Friday, February 24, 2006

Thursday Departure - Michigan, Indiana, Illinois, Iowa, Minnesota, and South Dakota

Lindsey and I left London for Seattle at 6 pm on Thursday, February 23rd. We recruited my dad, Steve, to help out with the driving. Unfortunately, it appears his age means that we stopping every 2 1/2 hours for a pee break, but his seniors discount more than makes up for this fact.

We departed London just as a storm was coming in (see the picture of what we left). Thankfully as we moved west, the weather was perfect (see Sarnia sunset).


We have decided to drive over 24 hours straight for our first leg. There is something about being the sole automobile in a sea of transport trucks driving through Iowa at 3 in the morning listening to Christian Country Rock radio stations that makes me question the sanity of this decision. Furthermore, the only driver of us three who can sleep with any success in a vehicle is Lindsey (and she is always sleeping). Well we are giving it a try.

First observations is that aside from the badlands at the far west of the state, South Dakota is very boring. We did a diversion throug the badland park. The badland are an area of rock heavily eroded by glaciers. The results can be quite amazing.

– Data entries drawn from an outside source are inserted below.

(* Let $h\in\mathbb{Z}$ and $n\ge0$. The number of partitions $\lambda\vdash n$ having an $h$-fixed hook arising from a part of size $1$ equals the number of partitions of $n-h$ that have at least $1-h$ parts and in which the part $1$ occurs exactly once (this number being $0$ if $n-h<0$). Equivalently, the generating function of the former is $$q^{h+1}\left(\frac{1}{(q^2;q)_\infty}-\sum_{m=0}^{-h-1}\frac{q^{2m}}{(q;q)_m}\right),$$ where the finite sum is empty for $h\ge0$.
   Context: A partition $\lambda=(\lambda_1\ge\cdots\ge\lambda_t>0)$ of $n$ has first-column hook lengths $h_{s,1}(\lambda)=\lambda_s+(t-s)$. An $h$-fixed hook arising from a part of size $k$ is an index $s$ with $h_{s,1}(\lambda)=s+h$ and $\lambda_s=k$. Notation: $(a;q)_\infty=\prod_{j\ge0}(1-aq^j)$, $(q;q)_m=\prod_{j=1}^m(1-q^j)$. *)

theory Defs
  imports Main
begin

text \<open>A partition of n is represented as a weakly decreasing list of positive
  naturals (lambda_1 >= ... >= lambda_t > 0) summing to n. Index s ranges over 1..t,
  and lambda_s = xs ! (s - 1).\<close>

definition is_partition :: "nat list \<Rightarrow> nat \<Rightarrow> bool" where
  "is_partition xs n \<longleftrightarrow> sorted_wrt (\<ge>) xs \<and> (\<forall>x\<in>set xs. 0 < x) \<and> sum_list xs = n"

definition first_col_hook :: "nat list \<Rightarrow> nat \<Rightarrow> nat" where
  "first_col_hook xs s = xs ! (s - 1) + (length xs - s)"

definition has_fixed_hook_from_part :: "int \<Rightarrow> nat \<Rightarrow> nat list \<Rightarrow> bool" where
  "has_fixed_hook_from_part h k xs \<longleftrightarrow>
     (\<exists>s\<in>{1..length xs}. int (first_col_hook xs s) = int s + h \<and> xs ! (s - 1) = k)"

end

theory Submission
  imports Defs
begin

text \<open>Write a partition as \<open>\<mu> 1\<^sup>m\<close> with all parts of \<open>\<mu>\<close> at least 2. The first-column
  hook of the \<open>(j+1)\<close>-st part 1 is \<open>h\<close>-fixed iff \<open>m = \<ell>(\<mu>) + h + 1 + 2j\<close>, where
  \<open>j \<ge> 0\<close> and \<open>j + \<ell>(\<mu>) + h \<ge> 0\<close>. The pair \<open>(\<mu>, j)\<close> also encodes the partition
  \<open>(\<mu> + 1) 2\<^sup>j 1\<close> of \<open>n - h\<close>, obtained by adding 1 to every part of \<open>\<mu>\<close>: it has exactly one
  part 1 and \<open>\<ell>(\<mu>) + j + 1 \<ge> 1 - h\<close> parts, and every such partition arises from exactly one
  pair. Both sides are therefore counted by the same set of pairs.\<close>

lemma sorted_desc_eq_filter_greater_append_replicate:
  fixes xs :: "'a::linorder list"
  assumes "sorted_wrt (\<ge>) xs" and "\<forall>x\<in>set xs. k \<le> x"
  shows "xs = filter ((<) k) xs @ replicate (count_list xs k) k"
  using assms
proof (induction xs)
  case Nil
  then show ?case by simp
next
  case (Cons x xs)
  show ?case
  proof (cases "k < x")
    case True
    then show ?thesis using Cons by auto
  next
    case False
    then have all_k: "\<forall>y\<in>set (x # xs). y = k"
      using Cons.prems by (fastforce intro: order.antisym)
    then have "x # xs = replicate (length (x # xs)) k"
      by (metis replicate_length_same)
    then show ?thesis
      using all_k by (simp add: count_list_eq_length_filter)
  qed
qed

lemma sorted_wrt_replicate: "R x x \<Longrightarrow> sorted_wrt R (replicate n x)"
  by (induction n) auto

lemma is_partition_append_replicate_one:
  assumes "\<forall>x\<in>set mu. 1 < x"
  shows "is_partition (mu @ replicate m 1) n \<longleftrightarrow> sorted_wrt (\<ge>) mu \<and> sum_list mu + m = n"
  using assms sorted_wrt_replicate[of "(\<ge>)" "1::nat" m]
  by (auto simp: is_partition_def sorted_wrt_append sum_list_replicate)

lemma is_partition_map_Suc_twos_one:
  assumes "\<forall>x\<in>set mu. 0 < x"
  shows "is_partition (map Suc mu @ replicate j 2 @ [1]) n \<longleftrightarrow>
     sorted_wrt (\<ge>) mu \<and> sum_list mu + length mu + 2 * j + 1 = n"
proof -
  have "sorted_wrt (\<ge>) (map Suc mu @ replicate j 2 @ [1]) \<longleftrightarrow> sorted_wrt (\<ge>) mu"
    using assms sorted_wrt_replicate[of "(\<ge>)" "2::nat" j]
    by (simp add: sorted_wrt_append sorted_wrt_map Suc_leI)
  moreover have "sum_list (map Suc mu @ replicate j 2 @ [1]) = sum_list mu + length mu + 2 * j + 1"
    using sum_list_Suc[of id mu] by (simp add: sum_list_replicate)
  ultimately show ?thesis
    by (auto simp: is_partition_def)
qed

lemma has_fixed_hook_from_one_iff:
  fixes mu :: "nat list"
  assumes "\<forall>x\<in>set mu. 1 < x"
  shows "has_fixed_hook_from_part h 1 (mu @ replicate m 1) \<longleftrightarrow>
     (\<exists>j. int m = int (length mu) + h + 1 + 2 * int j \<and> 0 \<le> int j + int (length mu) + h)"
    (is "?hook \<longleftrightarrow> (\<exists>j. ?fixed j)")
proof
  assume ?hook
  then obtain s where s: "1 \<le> s" "s \<le> length mu + m"
    and hook: "int (first_col_hook (mu @ replicate m 1) s) = int s + h"
    and one: "(mu @ replicate m 1) ! (s - 1) = 1"
    unfolding has_fixed_hook_from_part_def by auto
  have "length mu < s"
  proof (rule ccontr)
    assume "\<not> length mu < s"
    then have "s - 1 < length mu" using s by simp
    then have "mu ! (s - 1) = 1" using one by (simp add: nth_append)
    with \<open>s - 1 < length mu\<close> show False using assms nth_mem by fastforce
  qed
  then have "?fixed (s - length mu - 1)"
    using hook one s unfolding first_col_hook_def by simp
  then show "\<exists>j. ?fixed j" ..
next
  assume "\<exists>j. ?fixed j"
  then obtain j where j: "?fixed j" ..
  define s where "s = length mu + j + 1"
  have "j < m" using j by linarith
  then have "(mu @ replicate m 1) ! (s - 1) = 1" and "s \<in> {1..length mu + m}"
    unfolding s_def by (auto simp: nth_append)
  moreover have "int (first_col_hook (mu @ replicate m 1) s) = int s + h"
    using j \<open>j < m\<close> unfolding first_col_hook_def s_def by (simp add: nth_append)
  ultimately show ?hook
    unfolding has_fixed_hook_from_part_def by auto
qed

text \<open>\<open>mu\<close> is the list of parts greater than 1 and \<open>j\<close> the number of parts 1 preceding the
  one carrying the fixed hook.\<close>

definition hook_data :: "int \<Rightarrow> nat \<Rightarrow> (nat list \<times> nat) set" where
  "hook_data h n = {(mu, j). sorted_wrt (\<ge>) mu \<and> (\<forall>x\<in>set mu. 1 < x) \<and>
     0 \<le> int j + int (length mu) + h \<and>
     int (sum_list mu) + int (length mu) + h + 1 + 2 * int j = int n}"

definition hook_partition :: "int \<Rightarrow> nat list \<times> nat \<Rightarrow> nat list" where
  "hook_partition h = (\<lambda>(mu, j). mu @ replicate (nat (int (length mu) + h + 1 + 2 * int j)) 1)"

definition single_one_partition :: "nat list \<times> nat \<Rightarrow> nat list" where
  "single_one_partition = (\<lambda>(mu, j). map Suc mu @ replicate j 2 @ [1])"

lemma partition_eq_filter_greater_one_append_ones:
  assumes "is_partition xs n"
  shows "xs = filter ((<) 1) xs @ replicate (count_list xs 1) 1"
  using assms sorted_desc_eq_filter_greater_append_replicate[of xs 1]
  by (simp add: is_partition_def Suc_le_eq)

lemma fixed_hook_partitions_eq_image:
  "{xs. is_partition xs n \<and> has_fixed_hook_from_part h 1 xs} = hook_partition h ` hook_data h n"
proof (intro equalityI subsetI)
  fix xs
  assume "xs \<in> {xs. is_partition xs n \<and> has_fixed_hook_from_part h 1 xs}"
  then have part: "is_partition xs n" and hook: "has_fixed_hook_from_part h 1 xs" by auto
  define mu where "mu = filter ((<) 1) xs"
  define m where "m = count_list xs 1"
  have xs: "xs = mu @ replicate m 1" and large: "\<forall>x\<in>set mu. 1 < x"
    using partition_eq_filter_greater_one_append_ones[OF part] unfolding mu_def m_def by auto
  obtain j where j: "int m = int (length mu) + h + 1 + 2 * int j" "0 \<le> int j + int (length mu) + h"
    using hook has_fixed_hook_from_one_iff[OF large] xs by auto
  have "(mu, j) \<in> hook_data h n"
    using part j large is_partition_append_replicate_one[OF large] xs
    unfolding hook_data_def by auto
  moreover have "hook_partition h (mu, j) = xs"
    unfolding hook_partition_def using xs j(1) by (metis case_prod_conv nat_int)
  ultimately show "xs \<in> hook_partition h ` hook_data h n" by force
next
  fix xs
  assume "xs \<in> hook_partition h ` hook_data h n"
  then obtain mu j where data: "(mu, j) \<in> hook_data h n" and xs: "xs = hook_partition h (mu, j)"
    by auto
  define m where "m = nat (int (length mu) + h + 1 + 2 * int j)"
  have large: "\<forall>x\<in>set mu. 1 < x" and m: "int m = int (length mu) + h + 1 + 2 * int j"
    using data unfolding hook_data_def m_def by auto
  have "xs = mu @ replicate m 1"
    unfolding xs hook_partition_def m_def by simp
  moreover have "is_partition (mu @ replicate m 1) n"
    using data m is_partition_append_replicate_one[OF large] unfolding hook_data_def by auto
  moreover have "has_fixed_hook_from_part h 1 (mu @ replicate m 1)"
    using data m has_fixed_hook_from_one_iff[OF large] unfolding hook_data_def by auto
  ultimately show "xs \<in> {xs. is_partition xs n \<and> has_fixed_hook_from_part h 1 xs}" by simp
qed

lemma inj_on_hook_partition:
  "inj_on (hook_partition h) {(mu, j). (\<forall>x\<in>set mu. 1 < x) \<and> 0 \<le> int (length mu) + h + 1 + 2 * int j}"
proof (intro inj_onI, clarify)
  fix mu j nu i
  assume mu: "\<forall>x\<in>set mu. 1 < x" "0 \<le> int (length mu) + h + 1 + 2 * int j"
    and nu: "\<forall>x\<in>set nu. 1 < x" "0 \<le> int (length nu) + h + 1 + 2 * int i"
    and eq: "hook_partition h (mu, j) = hook_partition h (nu, i)"
  have "filter ((<) 1) (hook_partition h (mu, j)) = mu"
    and "filter ((<) 1) (hook_partition h (nu, i)) = nu"
    using mu nu by (simp_all add: hook_partition_def)
  then have "mu = nu" using eq by simp
  moreover have "length (hook_partition h (mu, j)) = length (hook_partition h (nu, i))"
    using eq by simp
  ultimately show "mu = nu \<and> j = i"
    using mu nu by (simp add: hook_partition_def)
qed

lemma inj_on_single_one_partition:
  "inj_on single_one_partition {(mu, j). \<forall>x\<in>set mu. 1 < x}"
proof (rule inj_on_inverseI)
  fix p :: "nat list \<times> nat"
  assume "p \<in> {(mu, j). \<forall>x\<in>set mu. 1 < x}"
  then obtain mu j where p: "p = (mu, j)" and large: "\<forall>x\<in>set mu. 1 < x" by auto
  have "count_list (replicate j x) x = j" for x :: nat
    by (induction j) auto
  moreover have "2 \<notin> set (map Suc mu)"
    using large by auto
  ultimately have "count_list (single_one_partition p) 2 = j"
    by (simp add: p single_one_partition_def del: set_map)
  moreover have "filter ((<) 2) (single_one_partition p) = map Suc mu"
    using large by (simp add: p single_one_partition_def filter_True)
  ultimately show "(map (\<lambda>x. x - 1) (filter ((<) 2) (single_one_partition p)),
        count_list (single_one_partition p) 2) = p"
    by (simp add: p o_def)
qed

lemma partition_with_single_one_eq:
  assumes "is_partition ys n" and "count_list ys 1 = 1"
  shows "ys = map Suc (map (\<lambda>x. x - 1) (filter ((<) 2) ys)) @ replicate (count_list ys 2) 2 @ [1]"
proof -
  define zs where "zs = filter ((<) 1) ys"
  have ys: "ys = zs @ [1]"
    using partition_eq_filter_greater_one_append_ones[OF assms(1), unfolded assms(2), folded zs_def]
    by simp
  have "sorted_wrt (\<ge>) zs"
    using assms(1) unfolding zs_def is_partition_def by (simp add: sorted_wrt_filter)
  then have zs_split: "zs = filter ((<) 2) zs @ replicate (count_list zs 2) 2"
    by (rule sorted_desc_eq_filter_greater_append_replicate) (auto simp: zs_def)
  have "filter ((<) 2) zs = filter ((<) 2) ys"
    unfolding zs_def by (auto intro: filter_cong)
  moreover have "count_list zs 2 = count_list ys 2"
    by (subst ys) simp
  ultimately have zs: "zs = filter ((<) 2) ys @ replicate (count_list ys 2) 2"
    using zs_split by metis
  have "map Suc (map (\<lambda>x. x - 1) (filter ((<) 2) ys)) = filter ((<) 2) ys"
    by (auto intro: map_idI)
  with ys zs show ?thesis
    by simp
qed

lemma single_one_partitions_eq_image:
  "{ys. is_partition ys (nat (int n - h)) \<and> int (length ys) \<ge> 1 - h \<and> count_list ys 1 = 1} =
     single_one_partition ` hook_data h n"
proof (intro equalityI subsetI)
  fix ys
  assume "ys \<in> {ys. is_partition ys (nat (int n - h)) \<and> int (length ys) \<ge> 1 - h \<and> count_list ys 1 = 1}"
  then have part: "is_partition ys (nat (int n - h))" and len: "int (length ys) \<ge> 1 - h"
    and one: "count_list ys 1 = 1" by auto
  define mu where "mu = map (\<lambda>x. x - 1) (filter ((<) 2) ys)"
  define j where "j = count_list ys 2"
  have ys: "ys = map Suc mu @ replicate j 2 @ [1]"
    using partition_with_single_one_eq[OF part one] unfolding mu_def j_def .
  have large: "\<forall>x\<in>set mu. 1 < x"
    unfolding mu_def by auto
  then have pos: "\<forall>x\<in>set mu. 0 < x"
    by auto
  have "sorted_wrt (\<ge>) mu" and "sum_list mu + length mu + 2 * j + 1 = nat (int n - h)"
    using part is_partition_map_Suc_twos_one[OF pos] unfolding ys by auto
  moreover have "length ys = length mu + j + 1"
    unfolding ys by simp
  ultimately have "(mu, j) \<in> hook_data h n"
    using large len unfolding hook_data_def by auto
  moreover have "single_one_partition (mu, j) = ys"
    unfolding single_one_partition_def ys by simp
  ultimately show "ys \<in> single_one_partition ` hook_data h n" by force
next
  fix ys
  assume "ys \<in> single_one_partition ` hook_data h n"
  then obtain mu j where data: "(mu, j) \<in> hook_data h n" and ys: "ys = map Suc mu @ replicate j 2 @ [1]"
    by (auto simp: single_one_partition_def)
  have large: "\<forall>x\<in>set mu. 1 < x"
    using data unfolding hook_data_def by auto
  then have pos: "\<forall>x\<in>set mu. 0 < x"
    by auto
  have "is_partition ys (nat (int n - h))"
    using data is_partition_map_Suc_twos_one[OF pos] unfolding ys hook_data_def by auto
  moreover have "int (length ys) \<ge> 1 - h"
    using data unfolding ys hook_data_def by auto
  moreover have "1 \<notin> set (map Suc mu)"
    using large by auto
  then have "count_list ys 1 = 1"
    unfolding ys by (simp del: set_map)
  ultimately show "ys \<in> {ys. is_partition ys (nat (int n - h)) \<and> int (length ys) \<ge> 1 - h \<and> count_list ys 1 = 1}"
    by simp
qed

theorem theorem3p3:
  fixes h :: int and n :: nat
  shows "card {xs. is_partition xs n \<and> has_fixed_hook_from_part h 1 xs} =
    (if int n - h < 0 then 0
     else card {xs. is_partition xs (nat (int n - h)) \<and> int (length xs) \<ge> 1 - h
                    \<and> count_list xs 1 = 1})"
proof -
  have "card {xs. is_partition xs n \<and> has_fixed_hook_from_part h 1 xs} = card (hook_data h n)"
    unfolding fixed_hook_partitions_eq_image
    by (rule card_image, rule inj_on_subset[OF inj_on_hook_partition]) (auto simp: hook_data_def)
  moreover have "card {xs. is_partition xs (nat (int n - h)) \<and> int (length xs) \<ge> 1 - h
                    \<and> count_list xs 1 = 1} = card (hook_data h n)"
    unfolding single_one_partitions_eq_image
    by (rule card_image, rule inj_on_subset[OF inj_on_single_one_partition]) (auto simp: hook_data_def)
  moreover have "hook_data h n = {}" if "int n - h < 0"
    using that by (auto simp: hook_data_def)
  ultimately show ?thesis
    by simp
qed

end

Unfortunately, I got a reminder that outsiders are treated with suspicion by the fine members of the South Dakota State Police. For some strange reason when two cars pass me like I was standing still, then break when they see a speed trap (althought the cop was facing the opposite traffic direction) the cop decides he wants to pull me over for tailgaiting (Even though the cars in front of me were breaking). I got to sit in the police car and I got the distinct feeling he did not know exactly where Ontario is (he also did not know what an MBA was?). The cop gave me a lecture about why tailgaiting is inappropriate, then asked if Ontario cops enforced this rule. To which I replied that while it was a rule, they had more important things to enforce. Mercifully, he gave me me a warning and I high-tailed it out of South Dakota. As the Colbert Report says, "South Dakota, you're dead to me!" Where is the picture you ask. Well it appears my wife and father where so concerned about my well-being that they forgot to record the moment. You can see me below showing off my official warning.